What you need to do: Retype, word for word, every line of the records below starting at the one that contains "1 1 0) = proj" and ending at the one that contains "obtain a1 a2 a3 a4 where"; include both of those lines and nothing more.

==*==

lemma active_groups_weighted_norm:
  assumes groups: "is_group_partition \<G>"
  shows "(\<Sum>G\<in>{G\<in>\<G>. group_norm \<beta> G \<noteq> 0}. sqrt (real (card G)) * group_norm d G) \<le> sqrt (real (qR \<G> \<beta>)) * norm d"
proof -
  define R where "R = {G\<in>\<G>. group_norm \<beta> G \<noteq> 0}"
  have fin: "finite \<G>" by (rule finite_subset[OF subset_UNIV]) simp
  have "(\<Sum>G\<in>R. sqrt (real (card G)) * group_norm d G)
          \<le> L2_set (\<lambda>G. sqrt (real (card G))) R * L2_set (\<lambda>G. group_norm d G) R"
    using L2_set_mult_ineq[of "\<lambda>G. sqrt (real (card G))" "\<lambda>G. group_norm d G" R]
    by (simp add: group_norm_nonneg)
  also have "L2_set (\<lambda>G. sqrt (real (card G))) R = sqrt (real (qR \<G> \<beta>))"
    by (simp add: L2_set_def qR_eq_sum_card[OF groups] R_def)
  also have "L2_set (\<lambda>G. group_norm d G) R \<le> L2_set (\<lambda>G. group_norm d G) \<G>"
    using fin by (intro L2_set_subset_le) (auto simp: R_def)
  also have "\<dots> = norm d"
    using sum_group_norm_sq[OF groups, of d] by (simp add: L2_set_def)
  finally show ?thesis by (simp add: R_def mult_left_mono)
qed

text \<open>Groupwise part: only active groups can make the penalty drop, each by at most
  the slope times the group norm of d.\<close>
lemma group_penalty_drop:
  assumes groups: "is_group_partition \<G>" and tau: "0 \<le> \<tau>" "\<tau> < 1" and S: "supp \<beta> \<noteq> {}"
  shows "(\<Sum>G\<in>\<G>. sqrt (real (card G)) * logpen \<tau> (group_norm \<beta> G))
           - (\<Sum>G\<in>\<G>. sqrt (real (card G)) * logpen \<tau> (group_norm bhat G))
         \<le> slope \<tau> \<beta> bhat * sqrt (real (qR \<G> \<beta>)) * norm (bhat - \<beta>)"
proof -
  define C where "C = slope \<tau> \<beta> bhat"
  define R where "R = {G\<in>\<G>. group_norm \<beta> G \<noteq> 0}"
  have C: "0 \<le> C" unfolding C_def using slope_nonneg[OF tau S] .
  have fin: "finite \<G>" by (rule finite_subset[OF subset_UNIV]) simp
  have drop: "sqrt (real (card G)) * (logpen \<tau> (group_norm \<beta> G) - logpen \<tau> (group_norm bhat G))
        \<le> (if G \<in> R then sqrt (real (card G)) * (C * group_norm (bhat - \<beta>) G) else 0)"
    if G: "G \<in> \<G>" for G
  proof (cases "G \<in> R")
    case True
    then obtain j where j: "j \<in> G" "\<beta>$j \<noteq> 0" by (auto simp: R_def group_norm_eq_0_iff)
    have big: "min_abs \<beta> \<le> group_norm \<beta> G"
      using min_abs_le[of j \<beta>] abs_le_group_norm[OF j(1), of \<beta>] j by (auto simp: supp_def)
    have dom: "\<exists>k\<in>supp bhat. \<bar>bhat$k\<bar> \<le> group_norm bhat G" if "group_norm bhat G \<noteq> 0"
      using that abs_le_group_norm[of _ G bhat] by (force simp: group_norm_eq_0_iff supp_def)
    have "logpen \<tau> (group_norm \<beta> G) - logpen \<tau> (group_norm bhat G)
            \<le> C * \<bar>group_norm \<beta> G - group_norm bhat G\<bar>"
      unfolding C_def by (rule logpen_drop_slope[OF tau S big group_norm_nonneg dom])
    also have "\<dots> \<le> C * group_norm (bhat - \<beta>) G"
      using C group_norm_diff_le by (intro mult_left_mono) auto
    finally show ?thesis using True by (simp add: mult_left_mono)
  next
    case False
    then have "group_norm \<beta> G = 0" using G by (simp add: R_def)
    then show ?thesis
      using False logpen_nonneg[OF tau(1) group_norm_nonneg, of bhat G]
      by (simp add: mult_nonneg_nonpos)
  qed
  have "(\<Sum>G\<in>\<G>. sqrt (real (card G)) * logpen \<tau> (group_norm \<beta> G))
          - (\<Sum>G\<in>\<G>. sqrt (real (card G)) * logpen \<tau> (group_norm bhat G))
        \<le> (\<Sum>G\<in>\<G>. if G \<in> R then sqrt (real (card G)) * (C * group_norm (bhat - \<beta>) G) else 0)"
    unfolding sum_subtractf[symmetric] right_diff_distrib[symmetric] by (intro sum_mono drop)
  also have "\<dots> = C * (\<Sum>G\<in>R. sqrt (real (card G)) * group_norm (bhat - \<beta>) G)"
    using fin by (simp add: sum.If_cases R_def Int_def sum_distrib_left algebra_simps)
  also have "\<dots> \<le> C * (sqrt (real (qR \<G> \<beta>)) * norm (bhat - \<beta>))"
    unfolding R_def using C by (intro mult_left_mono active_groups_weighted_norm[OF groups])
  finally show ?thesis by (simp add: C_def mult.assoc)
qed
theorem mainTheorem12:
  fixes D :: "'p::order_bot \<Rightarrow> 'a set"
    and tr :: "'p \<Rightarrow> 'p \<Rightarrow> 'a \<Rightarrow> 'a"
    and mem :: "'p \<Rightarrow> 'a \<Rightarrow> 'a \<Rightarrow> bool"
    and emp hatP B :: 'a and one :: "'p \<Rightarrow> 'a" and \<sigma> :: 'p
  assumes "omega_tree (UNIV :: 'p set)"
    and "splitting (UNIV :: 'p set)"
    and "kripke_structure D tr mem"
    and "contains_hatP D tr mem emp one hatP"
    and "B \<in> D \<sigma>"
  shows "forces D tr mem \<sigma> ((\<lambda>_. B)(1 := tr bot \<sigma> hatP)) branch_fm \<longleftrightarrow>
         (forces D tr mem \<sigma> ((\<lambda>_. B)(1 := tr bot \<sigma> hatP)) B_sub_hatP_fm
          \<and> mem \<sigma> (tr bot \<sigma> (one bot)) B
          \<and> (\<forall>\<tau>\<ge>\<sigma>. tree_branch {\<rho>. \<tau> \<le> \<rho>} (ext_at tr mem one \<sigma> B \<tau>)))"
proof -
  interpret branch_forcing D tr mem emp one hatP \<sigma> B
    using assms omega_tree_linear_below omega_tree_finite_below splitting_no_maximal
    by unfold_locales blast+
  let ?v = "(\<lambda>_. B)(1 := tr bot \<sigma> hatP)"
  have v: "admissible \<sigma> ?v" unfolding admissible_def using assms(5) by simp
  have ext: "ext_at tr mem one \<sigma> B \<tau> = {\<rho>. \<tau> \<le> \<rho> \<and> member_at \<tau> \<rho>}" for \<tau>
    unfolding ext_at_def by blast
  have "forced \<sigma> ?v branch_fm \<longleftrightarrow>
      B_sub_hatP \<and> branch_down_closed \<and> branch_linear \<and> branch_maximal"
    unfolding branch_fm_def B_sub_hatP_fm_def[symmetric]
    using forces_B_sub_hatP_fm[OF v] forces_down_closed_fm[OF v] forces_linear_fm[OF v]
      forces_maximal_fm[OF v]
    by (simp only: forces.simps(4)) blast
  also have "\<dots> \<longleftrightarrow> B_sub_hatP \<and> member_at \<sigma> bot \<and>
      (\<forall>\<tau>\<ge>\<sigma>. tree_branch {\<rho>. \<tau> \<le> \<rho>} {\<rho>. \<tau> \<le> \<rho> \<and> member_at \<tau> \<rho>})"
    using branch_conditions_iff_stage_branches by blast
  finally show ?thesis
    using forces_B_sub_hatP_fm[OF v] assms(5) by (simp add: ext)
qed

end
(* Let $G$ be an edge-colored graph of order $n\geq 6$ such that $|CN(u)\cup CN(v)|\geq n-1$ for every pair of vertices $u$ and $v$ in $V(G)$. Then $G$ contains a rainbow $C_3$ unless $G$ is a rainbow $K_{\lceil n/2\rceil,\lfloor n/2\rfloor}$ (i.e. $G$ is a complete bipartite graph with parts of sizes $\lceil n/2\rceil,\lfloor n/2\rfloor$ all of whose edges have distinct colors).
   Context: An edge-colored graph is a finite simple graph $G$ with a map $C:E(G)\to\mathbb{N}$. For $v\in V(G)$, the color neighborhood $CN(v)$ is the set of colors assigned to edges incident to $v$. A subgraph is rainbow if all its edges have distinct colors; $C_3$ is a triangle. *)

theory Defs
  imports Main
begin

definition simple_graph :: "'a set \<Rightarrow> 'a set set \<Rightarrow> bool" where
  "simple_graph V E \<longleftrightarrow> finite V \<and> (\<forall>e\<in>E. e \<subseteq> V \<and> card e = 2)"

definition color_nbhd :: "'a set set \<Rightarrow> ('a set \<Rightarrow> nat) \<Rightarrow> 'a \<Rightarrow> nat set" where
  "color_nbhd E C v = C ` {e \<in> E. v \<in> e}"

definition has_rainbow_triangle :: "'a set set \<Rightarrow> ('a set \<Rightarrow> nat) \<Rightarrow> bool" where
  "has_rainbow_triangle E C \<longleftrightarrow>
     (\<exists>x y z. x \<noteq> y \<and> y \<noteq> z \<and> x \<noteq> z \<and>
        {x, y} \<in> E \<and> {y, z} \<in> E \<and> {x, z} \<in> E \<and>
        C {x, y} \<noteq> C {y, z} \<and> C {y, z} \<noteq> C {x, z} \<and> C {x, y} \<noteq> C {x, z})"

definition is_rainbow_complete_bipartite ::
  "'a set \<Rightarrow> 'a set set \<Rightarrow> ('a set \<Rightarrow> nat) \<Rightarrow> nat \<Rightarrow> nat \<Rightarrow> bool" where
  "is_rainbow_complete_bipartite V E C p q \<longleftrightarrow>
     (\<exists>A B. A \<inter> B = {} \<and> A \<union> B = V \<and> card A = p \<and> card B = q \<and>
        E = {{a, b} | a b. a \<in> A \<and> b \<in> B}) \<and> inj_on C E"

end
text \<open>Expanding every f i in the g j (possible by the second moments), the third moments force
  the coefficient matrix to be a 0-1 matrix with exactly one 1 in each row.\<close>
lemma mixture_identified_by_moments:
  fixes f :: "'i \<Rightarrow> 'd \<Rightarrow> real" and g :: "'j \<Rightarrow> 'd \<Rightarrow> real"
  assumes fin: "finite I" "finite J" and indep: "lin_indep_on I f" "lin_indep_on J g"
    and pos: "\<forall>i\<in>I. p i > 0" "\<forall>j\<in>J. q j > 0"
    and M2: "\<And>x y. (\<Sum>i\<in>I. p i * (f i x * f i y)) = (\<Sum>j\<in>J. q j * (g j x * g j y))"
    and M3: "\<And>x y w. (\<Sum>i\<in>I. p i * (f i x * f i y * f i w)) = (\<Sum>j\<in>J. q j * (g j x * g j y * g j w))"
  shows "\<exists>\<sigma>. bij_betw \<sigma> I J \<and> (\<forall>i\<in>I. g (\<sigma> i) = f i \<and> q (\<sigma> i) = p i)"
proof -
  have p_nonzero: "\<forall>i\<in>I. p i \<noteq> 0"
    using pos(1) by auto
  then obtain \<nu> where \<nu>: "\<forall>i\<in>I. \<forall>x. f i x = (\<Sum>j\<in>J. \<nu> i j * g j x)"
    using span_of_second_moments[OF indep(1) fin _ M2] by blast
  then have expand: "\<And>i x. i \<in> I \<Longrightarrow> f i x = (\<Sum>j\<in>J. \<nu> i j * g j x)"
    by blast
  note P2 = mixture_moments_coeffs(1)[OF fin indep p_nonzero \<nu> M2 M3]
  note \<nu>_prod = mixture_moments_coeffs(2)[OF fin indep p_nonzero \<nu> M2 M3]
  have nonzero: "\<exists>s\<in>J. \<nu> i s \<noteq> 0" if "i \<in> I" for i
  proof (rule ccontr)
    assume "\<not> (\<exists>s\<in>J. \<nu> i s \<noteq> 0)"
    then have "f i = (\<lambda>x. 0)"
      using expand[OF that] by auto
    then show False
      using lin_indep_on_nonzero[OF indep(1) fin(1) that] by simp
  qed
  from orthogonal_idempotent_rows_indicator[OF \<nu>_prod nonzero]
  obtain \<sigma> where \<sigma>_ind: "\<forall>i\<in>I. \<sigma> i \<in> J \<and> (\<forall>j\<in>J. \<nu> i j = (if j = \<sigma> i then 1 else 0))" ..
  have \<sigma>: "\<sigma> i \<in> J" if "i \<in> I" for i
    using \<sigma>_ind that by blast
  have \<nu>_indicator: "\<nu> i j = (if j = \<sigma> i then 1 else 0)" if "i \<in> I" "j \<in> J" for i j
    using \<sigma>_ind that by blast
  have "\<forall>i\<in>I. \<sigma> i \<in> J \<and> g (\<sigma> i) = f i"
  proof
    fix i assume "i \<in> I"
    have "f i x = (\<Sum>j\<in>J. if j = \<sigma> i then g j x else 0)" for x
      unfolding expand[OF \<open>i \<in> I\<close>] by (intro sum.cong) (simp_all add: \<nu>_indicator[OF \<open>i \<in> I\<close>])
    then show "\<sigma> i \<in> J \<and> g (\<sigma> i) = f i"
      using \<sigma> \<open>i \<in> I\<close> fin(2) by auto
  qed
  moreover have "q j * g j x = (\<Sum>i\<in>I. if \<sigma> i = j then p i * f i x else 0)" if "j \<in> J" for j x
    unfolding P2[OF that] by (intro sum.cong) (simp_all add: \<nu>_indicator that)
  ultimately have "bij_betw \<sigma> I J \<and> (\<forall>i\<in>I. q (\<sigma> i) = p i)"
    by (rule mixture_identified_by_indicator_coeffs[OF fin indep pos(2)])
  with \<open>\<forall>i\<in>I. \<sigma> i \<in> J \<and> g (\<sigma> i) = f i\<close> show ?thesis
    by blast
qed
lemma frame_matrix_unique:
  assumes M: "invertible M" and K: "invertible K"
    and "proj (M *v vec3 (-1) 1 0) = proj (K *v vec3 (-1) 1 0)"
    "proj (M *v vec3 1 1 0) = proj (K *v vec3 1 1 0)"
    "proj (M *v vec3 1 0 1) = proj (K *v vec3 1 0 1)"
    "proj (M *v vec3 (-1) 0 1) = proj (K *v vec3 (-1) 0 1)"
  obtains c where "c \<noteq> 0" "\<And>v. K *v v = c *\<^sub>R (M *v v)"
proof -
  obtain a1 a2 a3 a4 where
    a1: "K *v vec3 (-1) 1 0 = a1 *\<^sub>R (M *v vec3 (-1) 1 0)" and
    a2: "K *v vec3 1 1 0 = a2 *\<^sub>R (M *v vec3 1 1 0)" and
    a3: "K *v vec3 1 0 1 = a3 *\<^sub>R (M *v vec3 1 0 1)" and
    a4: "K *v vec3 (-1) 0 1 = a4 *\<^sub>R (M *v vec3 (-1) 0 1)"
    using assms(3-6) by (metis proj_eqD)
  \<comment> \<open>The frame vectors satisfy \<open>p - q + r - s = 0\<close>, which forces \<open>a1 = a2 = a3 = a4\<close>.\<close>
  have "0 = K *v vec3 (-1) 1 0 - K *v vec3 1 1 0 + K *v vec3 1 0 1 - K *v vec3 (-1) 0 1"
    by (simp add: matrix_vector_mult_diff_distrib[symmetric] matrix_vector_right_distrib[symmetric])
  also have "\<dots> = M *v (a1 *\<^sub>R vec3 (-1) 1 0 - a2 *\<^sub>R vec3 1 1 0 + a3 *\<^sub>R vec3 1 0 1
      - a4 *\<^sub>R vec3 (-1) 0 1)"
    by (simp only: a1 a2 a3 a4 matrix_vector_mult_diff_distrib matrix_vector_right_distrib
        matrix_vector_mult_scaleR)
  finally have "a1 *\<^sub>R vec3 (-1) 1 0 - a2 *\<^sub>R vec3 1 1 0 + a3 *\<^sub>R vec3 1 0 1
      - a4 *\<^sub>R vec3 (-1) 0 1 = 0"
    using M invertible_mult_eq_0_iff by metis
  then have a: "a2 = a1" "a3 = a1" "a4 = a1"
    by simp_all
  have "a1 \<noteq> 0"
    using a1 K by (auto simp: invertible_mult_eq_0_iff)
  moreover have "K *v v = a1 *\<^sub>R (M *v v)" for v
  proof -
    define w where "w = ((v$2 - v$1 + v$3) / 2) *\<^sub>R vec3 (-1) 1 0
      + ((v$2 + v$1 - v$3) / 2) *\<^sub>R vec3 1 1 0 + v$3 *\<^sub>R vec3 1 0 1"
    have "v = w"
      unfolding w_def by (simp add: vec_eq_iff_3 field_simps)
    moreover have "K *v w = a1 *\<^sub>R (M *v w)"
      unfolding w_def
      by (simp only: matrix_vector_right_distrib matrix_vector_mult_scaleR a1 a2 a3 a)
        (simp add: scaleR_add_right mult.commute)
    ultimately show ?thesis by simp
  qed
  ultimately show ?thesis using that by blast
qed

==*==

Answer space:
    "proj (M *v vec3 1 1 0) = proj (K *v vec3 1 1 0)"
    "proj (M *v vec3 1 0 1) = proj (K *v vec3 1 0 1)"
    "proj (M *v vec3 (-1) 0 1) = proj (K *v vec3 (-1) 0 1)"
  obtains c where "c \<noteq> 0" "\<And>v. K *v v = c *\<^sub>R (M *v v)"
proof -
  obtain a1 a2 a3 a4 where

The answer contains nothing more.